***** RECORD EXCERPTS

(* Let $\alpha, \beta$ be voltage assignments. Every isomorphism of $\mathbf{Z}/\ell$-covering graphs $f \colon X^\alpha \to X^\beta$ is of the form $f(x,i) = (t x^\sigma + a, i + k)$ for some $t \in \mathbf{F}_q^{\boxtimes}$, $\sigma \in \mathrm{Gal}(\mathbf{F}_q/\mathbf{F}_p)$, $a \in \mathbf{F}_q$, $k \in \mathbf{Z}/\ell$ satisfying $\alpha(s) = \beta(t s^\sigma)$ for all $s \in \mathbf{F}_q^{\boxtimes}$. Conversely, for any such $t, \sigma, a, k$ with $\alpha(s) = \beta(ts^\sigma)$ for all $s \in \mathbf{F}_q^{\boxtimes}$, the map $(x,i) \mapsto (tx^\sigma + a, i+k)$ is an isomorphism of $\mathbf{Z}/\ell$-covering graphs $X^\alpha \to X^\beta$.
   Context: Let $\mathbf{F}_q$ be a finite field of characteristic $p$, $q = p^r \equiv 1 \pmod 4$, $\mathbf{F}_q^{\boxtimes}$ the set of nonzero squares, and $\ell \neq p$ a prime. A voltage assignment is a function $\alpha \colon \mathbf{F}_q^{\boxtimes} \to \mathbf{Z}/\ell$, not identically zero, with $\alpha(-s) = -\alpha(s)$. The graph $X^\alpha$ has vertex set $\mathbf{F}_q \times \mathbf{Z}/\ell$, with $(x,i)$ adjacent to $(y,j)$ iff $y - x \in \mathbf{F}_q^{\boxtimes}$ and $j - i = \alpha(y-x)$; it covers the Paley graph $X(\mathbf{F}_q)$ (vertex set $\mathbf{F}_q$, $x \sim y$ iff $y - x \in \mathbf{F}_q^{\boxtimes}$) via $(x,i) \mapsto x$, and $\mathbf{Z}/\ell$ acts by $j\cdot(x,i) = (x,i+j)$. An isomorphism of $\mathbf{Z}/\ell$-covering graphs $X^\alpha \to X^\beta$ is a graph isomorphism $f$ satisfying $f(x,i+j) = f(x,i) + (0,j)$ for all $x \in \mathbf{F}_q$, $i,j \in \mathbf{Z}/\ell$. *)

theory Defs
  imports "Berlekamp_Zassenhaus.Finite_Field"
begin

definition nz_squares :: "'a::field set" where
  "nz_squares = {s. s \<noteq> 0 \<and> (\<exists>y. s = y ^ 2)}"

definition galois_prime :: "('a::field \<Rightarrow> 'a) set" where
  "galois_prime = {\<sigma>. bij \<sigma> \<and> (\<forall>x y. \<sigma> (x + y) = \<sigma> x + \<sigma> y) \<and>
       (\<forall>x y. \<sigma> (x * y) = \<sigma> x * \<sigma> y) \<and> \<sigma> 1 = 1 \<and> (\<forall>n::nat. \<sigma> (of_nat n) = of_nat n)}"

text \<open>Voltage assignment F_q^squares -> Z/l (values off the squares are irrelevant).\<close>
definition voltage_assignment :: "('a::field \<Rightarrow> 'l::prime_card mod_ring) \<Rightarrow> bool" where
  "voltage_assignment \<alpha> \<longleftrightarrow> (\<exists>s\<in>nz_squares. \<alpha> s \<noteq> 0) \<and> (\<forall>s\<in>nz_squares. \<alpha> (- s) = - \<alpha> s)"

definition volt_adj :: "('a::field \<Rightarrow> 'l::prime_card mod_ring) \<Rightarrow> 'a \<times> 'l mod_ring \<Rightarrow> 'a \<times> 'l mod_ring \<Rightarrow> bool" where
  "volt_adj \<alpha> u v \<longleftrightarrow> fst v - fst u \<in> nz_squares \<and> snd v - snd u = \<alpha> (fst v - fst u)"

**********

### HOW TO COMPLETE THIS TASK
Give the complete listing a second time, exactly as it reads.

### PROBLEM SOLUTION
(* Let $\alpha, \beta$ be voltage assignments. Every isomorphism of $\mathbf{Z}/\ell$-covering graphs $f \colon X^\alpha \to X^\beta$ is of the form $f(x,i) = (t x^\sigma + a, i + k)$ for some $t \in \mathbf{F}_q^{\boxtimes}$, $\sigma \in \mathrm{Gal}(\mathbf{F}_q/\mathbf{F}_p)$, $a \in \mathbf{F}_q$, $k \in \mathbf{Z}/\ell$ satisfying $\alpha(s) = \beta(t s^\sigma)$ for all $s \in \mathbf{F}_q^{\boxtimes}$. Conversely, for any such $t, \sigma, a, k$ with $\alpha(s) = \beta(ts^\sigma)$ for all $s \in \mathbf{F}_q^{\boxtimes}$, the map $(x,i) \mapsto (tx^\sigma + a, i+k)$ is an isomorphism of $\mathbf{Z}/\ell$-covering graphs $X^\alpha \to X^\beta$.
   Context: Let $\mathbf{F}_q$ be a finite field of characteristic $p$, $q = p^r \equiv 1 \pmod 4$, $\mathbf{F}_q^{\boxtimes}$ the set of nonzero squares, and $\ell \neq p$ a prime. A voltage assignment is a function $\alpha \colon \mathbf{F}_q^{\boxtimes} \to \mathbf{Z}/\ell$, not identically zero, with $\alpha(-s) = -\alpha(s)$. The graph $X^\alpha$ has vertex set $\mathbf{F}_q \times \mathbf{Z}/\ell$, with $(x,i)$ adjacent to $(y,j)$ iff $y - x \in \mathbf{F}_q^{\boxtimes}$ and $j - i = \alpha(y-x)$; it covers the Paley graph $X(\mathbf{F}_q)$ (vertex set $\mathbf{F}_q$, $x \sim y$ iff $y - x \in \mathbf{F}_q^{\boxtimes}$) via $(x,i) \mapsto x$, and $\mathbf{Z}/\ell$ acts by $j\cdot(x,i) = (x,i+j)$. An isomorphism of $\mathbf{Z}/\ell$-covering graphs $X^\alpha \to X^\beta$ is a graph isomorphism $f$ satisfying $f(x,i+j) = f(x,i) + (0,j)$ for all $x \in \mathbf{F}_q$, $i,j \in \mathbf{Z}/\ell$. *)

theory Defs
  imports "Berlekamp_Zassenhaus.Finite_Field"
begin

definition nz_squares :: "'a::field set" where
  "nz_squares = {s. s \<noteq> 0 \<and> (\<exists>y. s = y ^ 2)}"

definition galois_prime :: "('a::field \<Rightarrow> 'a) set" where
  "galois_prime = {\<sigma>. bij \<sigma> \<and> (\<forall>x y. \<sigma> (x + y) = \<sigma> x + \<sigma> y) \<and>
       (\<forall>x y. \<sigma> (x * y) = \<sigma> x * \<sigma> y) \<and> \<sigma> 1 = 1 \<and> (\<forall>n::nat. \<sigma> (of_nat n) = of_nat n)}"

text \<open>Voltage assignment F_q^squares -> Z/l (values off the squares are irrelevant).\<close>
definition voltage_assignment :: "('a::field \<Rightarrow> 'l::prime_card mod_ring) \<Rightarrow> bool" where
  "voltage_assignment \<alpha> \<longleftrightarrow> (\<exists>s\<in>nz_squares. \<alpha> s \<noteq> 0) \<and> (\<forall>s\<in>nz_squares. \<alpha> (- s) = - \<alpha> s)"

definition volt_adj :: "('a::field \<Rightarrow> 'l::prime_card mod_ring) \<Rightarrow> 'a \<times> 'l mod_ring \<Rightarrow> 'a \<times> 'l mod_ring \<Rightarrow> bool" where
  "volt_adj \<alpha> u v \<longleftrightarrow> fst v - fst u \<in> nz_squares \<and> snd v - snd u = \<alpha> (fst v - fst u)"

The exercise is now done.